lemma coeff2_approx_sol_eq_0: "D < k + m \<Longrightarrow> coeff2 (approx_sol l s a b c d D) k m = 0"
  by (induction D arbitrary: k m) (auto simp: coeff2_one)

lemma coeff2_approx_sol_stable:
  "D \<le> D' \<Longrightarrow> k + m \<le> D \<Longrightarrow> coeff2 (approx_sol l s a b c d D') k m = coeff2 (approx_sol l s a b c d D) k m"
  by (induction D' rule: dec_induct) auto

lemma coeff2_approx_sol_00 [simp]: "coeff2 (approx_sol l s a b c d D) 0 0 = 1"
  using coeff2_approx_sol_stable[of 0 D 0 0] by (simp add: coeff2_one)

lemma coeff2_approx_sol_top: "k + m = Suc D \<Longrightarrow>
  coeff2 (approx_sol l s a b c d (Suc D)) k m
    = - coeff2 (qPA1_ser l s a b c d (approx_sol l s a b c d D)) k m / diag_coeff l s k m"
  by simp

definition formal_sol :: "complex \<Rightarrow> complex \<Rightarrow> complex \<Rightarrow> complex \<Rightarrow> complex \<Rightarrow> complex \<Rightarrow> ser2" where
  "formal_sol l s a b c d = Ser2 (\<lambda>k m. coeff2 (approx_sol l s a b c d (k + m)) k m)"

lemma coeff2_formal_sol:
  "k + m \<le> D \<Longrightarrow> coeff2 (formal_sol l s a b c d) k m = coeff2 (approx_sol l s a b c d D) k m"
  by (simp add: formal_sol_def coeff2_approx_sol_stable)

lemma coeff2_formal_sol_00: "coeff2 (formal_sol l s a b c d) 0 0 = 1"
  by (simp add: formal_sol_def)

lemma coeff2_qPA1_ser_step:
  assumes reg: "(l, s, a, b, c, d) \<in> regular_params" and D: "k + m = Suc D"
    and below: "\<And>i j. i \<le> k \<Longrightarrow> j \<le> m \<Longrightarrow> (i, j) \<noteq> (k, m) \<Longrightarrow>
      coeff2 v i j = coeff2 (approx_sol l s a b c d D) i j"
  shows "coeff2 (qPA1_ser l s a b c d v) k m
    = diag_coeff l s k m * (coeff2 v k m - coeff2 (approx_sol l s a b c d (Suc D)) k m)"
proof -
  have km: "(k, m) \<noteq> (0, 0)" using D by auto
  have nz: "l \<noteq> 0" "s \<noteq> 0" "c \<noteq> 0" "d \<noteq> 0" "nonres l s"
    using reg by (auto simp: regular_params_def)
  have "box_perturb k m v (approx_sol l s a b c d D) (coeff2 v k m)"
    unfolding box_perturb_def box_agree_def
    using below D by (auto simp: coeff2_approx_sol_eq_0)
  then have "coeff2 (qPA1_ser l s a b c d v) k m
      = coeff2 (qPA1_ser l s a b c d (approx_sol l s a b c d D)) k m + coeff2 v k m * diag_coeff l s k m"
    using nz km by (intro coeff2_qPA1_ser_perturb) auto
  then show ?thesis
    unfolding coeff2_approx_sol_top[OF D] using diag_coeff_nonzero[OF nz(5,1,2) km]
    by (simp add: field_simps del: approx_sol.simps)
qed

lemma qPA1_ser_formal_sol:
  assumes reg: "(l, s, a, b, c, d) \<in> regular_params"
  shows "qPA1_ser l s a b c d (formal_sol l s a b c d) = 0"
proof (rule ser2_eqI)
  fix k m
  show "coeff2 (qPA1_ser l s a b c d (formal_sol l s a b c d)) k m = coeff2 0 k m"
  proof (cases "k + m")
    case 0
    then show ?thesis
      using reg by (auto simp: regular_params_def coeff2_formal_sol_00 intro: coeff2_qPA1_ser_00)
  next
    case (Suc D)
    have "coeff2 (qPA1_ser l s a b c d (formal_sol l s a b c d)) k m
        = diag_coeff l s k m * (coeff2 (formal_sol l s a b c d) k m - coeff2 (approx_sol l s a b c d (Suc D)) k m)"
      using Suc by (intro coeff2_qPA1_ser_step[OF reg Suc] coeff2_formal_sol) auto
    also have "coeff2 (formal_sol l s a b c d) k m = coeff2 (approx_sol l s a b c d (Suc D)) k m"
      using Suc by (intro coeff2_formal_sol) simp
    finally show ?thesis by simp
  qed
qed

lemma qPA1_ser_unique:
  assumes reg: "(l, s, a, b, c, d) \<in> regular_params"
    and v: "coeff2 v 0 0 = 1" "qPA1_ser l s a b c d v = 0"
  shows "v = formal_sol l s a b c d"
proof -
  have diag: "diag_coeff l s k m \<noteq> 0" if "(k, m) \<noteq> (0, 0)" for k m
    using reg that by (intro diag_coeff_nonzero) (auto simp: regular_params_def)
  have "k + m \<le> D \<Longrightarrow> coeff2 v k m = coeff2 (approx_sol l s a b c d D) k m" for D k m
  proof (induction D arbitrary: k m)
    case 0
    then show ?case using v(1) by (auto simp: coeff2_one)
  next
    case (Suc D)
    show ?case
    proof (cases "k + m = Suc D")
      case True
      have "coeff2 (qPA1_ser l s a b c d v) k m
          = diag_coeff l s k m * (coeff2 v k m - coeff2 (approx_sol l s a b c d (Suc D)) k m)"
        using True by (intro coeff2_qPA1_ser_step[OF reg] Suc.IH) auto
      moreover have "(k, m) \<noteq> (0, 0)" using True by auto
      ultimately show ?thesis using v(2) diag[of k m] by (auto simp del: approx_sol.simps)
    next
      case False
      then show ?thesis using Suc by simp
    qed
  qed
  then show ?thesis
    by (intro ser2_eqI) (simp add: formal_sol_def)
qed

section \<open>Back to series in \<open>t\<close> and \<open>\<phi>\<^sub>s\<close>\<close>

text \<open>The coefficient of \<open>t\<^sup>n \<phi>\<^sub>s\<^sup>i\<close> becomes the coefficient of \<open>\<zeta>\<^sub>1\<^sup>n \<zeta>\<^sub>2\<^sup>n\<^sup>-\<^sup>i\<close>.\<close>

definition to_ser2 :: "fser \<Rightarrow> ser2" where
  "to_ser2 x = Ser2 (\<lambda>k m. x k (int k - int m))"

lemma coeff2_to_ser2 [simp]: "coeff2 (to_ser2 x) k m = x k (int k - int m)"
  by (simp add: to_ser2_def)

lemma sum_int_interval_reindex: "(\<Sum>i\<in>{a - int M..a}. h i) = (\<Sum>m\<le>M. h (a - int m))"
  by (rule sum.reindex_bij_witness[of _ "\<lambda>i. a - int i" "\<lambda>i. nat (a - i)"]) auto

lemma to_ser2_fmul: "to_ser2 (fmul f g) = to_ser2 f * to_ser2 g"
proof (rule ser2_eqI)
  fix N M
  have "coeff2 (to_ser2 (fmul f g)) N M =
    (\<Sum>k\<le>N. \<Sum>i\<in>{int k - int M..int k}. f k i * g (N - k) (int N - int M - i))"
    unfolding coeff2_to_ser2 fmul_def by (intro sum.cong refl) (simp add: algebra_simps)
  also have "\<dots> = (\<Sum>k\<le>N. \<Sum>m\<le>M. f k (int k - int m) * g (N - k) (int N - int M - (int k - int m)))"
    by (simp add: sum_int_interval_reindex)
  also have "\<dots> = (\<Sum>k\<le>N. \<Sum>m\<le>M. f k (int k - int m) * g (N - k) (int (N - k) - int (M - m)))"
    by (intro sum.cong refl) (auto simp: of_nat_diff algebra_simps)
  also have "\<dots> = coeff2 (to_ser2 f * to_ser2 g) N M"
    by (simp add: coeff2_mult)
  finally show "coeff2 (to_ser2 (fmul f g)) N M = coeff2 (to_ser2 f * to_ser2 g) N M" .
qed

lemma to_ser2_fsub: "to_ser2 (fsub f g) = to_ser2 f - to_ser2 g"
  by (rule ser2_eqI) (simp add: fsub_def)

lemma to_ser2_fmono: "to_ser2 (fmono c k) = const2 c * mono2 k k"
  by (rule ser2_eqI) (auto simp: fmono_def)

lemma to_ser2_fshift:
  assumes "l \<noteq> 0"
  shows "to_ser2 (fshift s l x) = scale2 (s * l) (inverse l) (to_ser2 x)"
proof (rule ser2_eqI)
  fix k m
  have "l powi (int k - int m) = l ^ k * inverse l ^ m"
    using assms by (simp add: power_int_diff power_inverse divide_inverse)
  then show "coeff2 (to_ser2 (fshift s l x)) k m = coeff2 (scale2 (s * l) (inverse l) (to_ser2 x)) k m"
    by (simp add: fshift_def power_mult_distrib)
qed

definition upper_supported :: "fser \<Rightarrow> bool" where
  "upper_supported f \<longleftrightarrow> (\<forall>n j. int n < j \<longrightarrow> f n j = 0)"

lemma upper_supported_fmul: "upper_supported (fmul f g)"
  unfolding upper_supported_def fmul_def by auto

lemma upper_supported_ansatz: "ansatz y \<Longrightarrow> upper_supported y"
  by (simp add: ansatz_def upper_supported_def)

lemma to_ser2_inj:
  assumes "upper_supported f" "upper_supported g" "to_ser2 f = to_ser2 g"
  shows "f = g"
proof (intro ext)
  fix n j
  show "f n j = g n j"
  proof (cases "int n < j")
    case True
    then show ?thesis using assms(1,2) by (simp add: upper_supported_def)
  next
    case False
    then have j: "j = int n - int (nat (int n - j))" by simp
    have "coeff2 (to_ser2 f) n (nat (int n - j)) = coeff2 (to_ser2 g) n (nat (int n - j))"
      using assms(3) by simp
    then show ?thesis by (subst (1 2) j) simp
  qed
qed
lemma (in finite_measure) square_integrable_bounded:
  assumes "U \<in> borel_measurable M" "AE x in M. \<bar>U x\<bar> \<le> B"
  shows "square_integrable M U"
  unfolding square_integrable_def
proof (intro conjI integrable_const_bound[where B = "B\<^sup>2"])
  show "AE x in M. norm ((U x)\<^sup>2) \<le> B\<^sup>2"
    using assms(2)
  proof eventually_elim
    case (elim x)
    then have "\<bar>U x\<bar> \<le> \<bar>B\<bar>"
      by linarith
    then show ?case
      by (simp add: abs_le_square_iff)
  qed
qed (use assms(1) in auto)

lemma (in finite_measure) square_integrable_diff_const:
  assumes "square_integrable M U"
  shows "square_integrable M (\<lambda>x. U x - c)"
proof -
  have "integrable M U" "integrable M (\<lambda>x. (U x)\<^sup>2)"
    using assms square_integrable_integrable[OF assms] unfolding square_integrable_def by simp_all
  moreover have "(\<lambda>x. (U x - c)\<^sup>2) = (\<lambda>x. (U x)\<^sup>2 - 2 * c * U x + c\<^sup>2)"
    by (simp add: power2_diff algebra_simps)
  ultimately show ?thesis
    using assms unfolding square_integrable_def by auto
qed

lemma square_integrable_mult:
  assumes "square_integrable M U" "square_integrable M V"
  shows "integrable M (\<lambda>x. U x * V x)"
proof (rule Bochner_Integration.integrable_bound)
  show "integrable M (\<lambda>x. (U x)\<^sup>2 + (V x)\<^sup>2)"
    using assms unfolding square_integrable_def by simp
  show "(\<lambda>x. U x * V x) \<in> borel_measurable M"
    using assms unfolding square_integrable_def by auto
  have "\<bar>u * v\<bar> \<le> u\<^sup>2 + v\<^sup>2" for u v :: real
  proof -
    have "2 * \<bar>u\<bar> * \<bar>v\<bar> \<le> u\<^sup>2 + v\<^sup>2" "0 \<le> \<bar>u\<bar> * \<bar>v\<bar>"
      using sum_squares_bound[of "\<bar>u\<bar>" "\<bar>v\<bar>"] by simp_all
    then show ?thesis
      unfolding abs_mult by linarith
  qed
  then show "AE x in M. norm (U x * V x) \<le> norm ((U x)\<^sup>2 + (V x)\<^sup>2)"
    by simp
qed

lemma (in finite_measure_subalgebra) square_integrable_real_cond_exp:
  assumes "square_integrable M Y"
  shows "square_integrable M (real_cond_exp M F Y)"
  unfolding square_integrable_def
proof
  show meas: "real_cond_exp M F Y \<in> borel_measurable M"
    by (rule measurable_from_subalg[OF subalg]) simp
  have iY: "integrable M Y"
    using assms by (rule square_integrable_integrable)
  have iY2: "integrable M (\<lambda>x. (Y x)\<^sup>2)"
    using assms unfolding square_integrable_def ..
  have jensen: "AE x in M. (real_cond_exp M F Y x)\<^sup>2 \<le> real_cond_exp M F (\<lambda>x. (Y x)\<^sup>2) x"
    using real_cond_exp_jensens_inequality(2)[OF iY _ _ _ convex_power2] iY2 by auto
  show "integrable M (\<lambda>x. (real_cond_exp M F Y x)\<^sup>2)"
  proof (rule Bochner_Integration.integrable_bound)
    show "integrable M (real_cond_exp M F (\<lambda>x. (Y x)\<^sup>2))"
      using iY2 by (rule real_cond_exp_int)
    show "AE x in M. norm ((real_cond_exp M F Y x)\<^sup>2) \<le> norm (real_cond_exp M F (\<lambda>x. (Y x)\<^sup>2) x)"
      using jensen by eventually_elim simp
  qed (use meas in simp)
qed

lemma covariance_commute: "covariance M U V = covariance M V U"
  unfolding covariance_def by (simp add: mult.commute)

lemma covariance_self_nonneg: "0 \<le> covariance M U U"
  unfolding covariance_def by (rule integral_nonneg_AE) simp

lemma (in prob_space) covariance_eq:
  assumes "square_integrable M U" "square_integrable M V"
  shows "covariance M U V = expectation (\<lambda>x. U x * V x) - expectation U * expectation V"
proof -
  have "integrable M U" "integrable M V" "integrable M (\<lambda>x. U x * V x)"
    using assms by (auto intro: square_integrable_integrable square_integrable_mult)
  moreover have "(\<lambda>x. (U x - expectation U) * (V x - expectation V)) =
      (\<lambda>x. U x * V x - expectation V * U x - expectation U * V x + expectation U * expectation V)"
    by (simp add: algebra_simps)
  ultimately show ?thesis
    unfolding covariance_def by (simp add: prob_space)
qed

lemma quadratic_nonneg_imp_square_le:
  fixes a b c :: real
  assumes "0 \<le> b" and nonneg: "\<And>t. 0 \<le> a - 2 * t * c + t\<^sup>2 * b"
  shows "c\<^sup>2 \<le> a * b"
proof (cases "b = 0")
  case True
  have "c = 0"
  proof (rule ccontr)
    assume "c \<noteq> 0"
    then show False
      using nonneg[of "(a + 1) / (2 * c)"] True by (simp add: field_simps)
  qed
  then show ?thesis
    using True by simp
next
  case False
  with assms(1) have "0 < b"
    by simp
  have "0 \<le> a - 2 * (c / b) * c + (c / b)\<^sup>2 * b"
    by (rule nonneg)
  then have "0 \<le> (a * b - c\<^sup>2) / b"
    using \<open>0 < b\<close> by (simp add: field_simps power2_eq_square)
  then show ?thesis
    using \<open>0 < b\<close> by (simp add: zero_le_divide_iff)
qed

lemma (in prob_space) covariance_square_le:
  assumes "square_integrable M U" "square_integrable M V"
  shows "(covariance M U V)\<^sup>2 \<le> covariance M U U * covariance M V V"
proof (rule quadratic_nonneg_imp_square_le[OF covariance_self_nonneg])
  fix t
  define U' where "U' x = U x - expectation U" for x
  define V' where "V' x = V x - expectation V" for x
  have U': "square_integrable M U'" and V': "square_integrable M V'"
    unfolding U'_def V'_def using assms by (auto intro: square_integrable_diff_const)
  have "(\<lambda>x. (U' x - t * V' x)\<^sup>2) = (\<lambda>x. U' x * U' x - 2 * t * (U' x * V' x) + t\<^sup>2 * (V' x * V' x))"
    by (simp add: power2_eq_square algebra_simps)
  then have "expectation (\<lambda>x. (U' x - t * V' x)\<^sup>2) =
      expectation (\<lambda>x. U' x * U' x) - 2 * t * expectation (\<lambda>x. U' x * V' x) + t\<^sup>2 * expectation (\<lambda>x. V' x * V' x)"
    using U' V' by (simp add: square_integrable_mult)
  moreover have "0 \<le> expectation (\<lambda>x. (U' x - t * V' x)\<^sup>2)"
    by (rule integral_nonneg_AE) simp
  ultimately show "0 \<le> covariance M U U - 2 * t * covariance M U V + t\<^sup>2 * covariance M V V"
    unfolding covariance_def U'_def V'_def by simp
qed

lemma (in prob_space) covariance_self_le_quarter:
  assumes "U \<in> borel_measurable M" "AE x in M. U x \<in> {0..1}"
  shows "covariance M U U \<le> 1 / 4"
proof -
  have U: "square_integrable M U"
    using assms by (intro square_integrable_bounded[where B = 1]) auto
  then have "integrable M U"
    by (rule square_integrable_integrable)
  have "expectation (\<lambda>x. U x * U x) \<le> expectation U"
    using assms(2) by (intro integral_mono_AE square_integrable_mult U \<open>integrable M U\<close>)
      (auto simp: mult_left_le_one_le)
  moreover have "0 \<le> (expectation U - 1 / 2)\<^sup>2"
    by simp
  ultimately show ?thesis
    using covariance_eq[OF U U] by (simp add: power2_eq_square algebra_simps)
qed
lemma H_of_eq_if_horiz_interval:
  assumes "horiz_interval P I" "a \<in> I" "b \<in> I"
  shows "H_of P a = H_of P b"
proof -
  have "I \<subseteq> M" if "max_horiz_interval P M" "I \<inter> M \<noteq> {}" for M
    using that horiz_interval_Un[OF assms(1), of M] unfolding max_horiz_interval_def
    by (metis Un_upper2 sup.absorb_iff2 psubsetI sup_commute)
  then have "max_horiz_interval P M \<and> a \<in> M \<longleftrightarrow> max_horiz_interval P M \<and> b \<in> M" for M
    using assms(2,3) by blast
  then show ?thesis
    unfolding H_of_def by simp
qed

lemma V_of_eq_if_vert_interval:
  assumes "vert_interval P I" "a \<in> I" "b \<in> I"
  shows "V_of P a = V_of P b"
proof -
  have "I \<subseteq> M" if "max_vert_interval P M" "I \<inter> M \<noteq> {}" for M
    using that vert_interval_Un[OF assms(1), of M] unfolding max_vert_interval_def
    by (metis Un_upper2 sup.absorb_iff2 psubsetI sup_commute)
  then have "max_vert_interval P M \<and> a \<in> M \<longleftrightarrow> max_vert_interval P M \<and> b \<in> M" for M
    using assms(2,3) by blast
  then show ?thesis
    unfolding V_of_def by simp
qed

■ **Required action**:
Establish how many lines of the entries hold the word "below", giving nothing but the number.

■ **Result for this exercise**:
2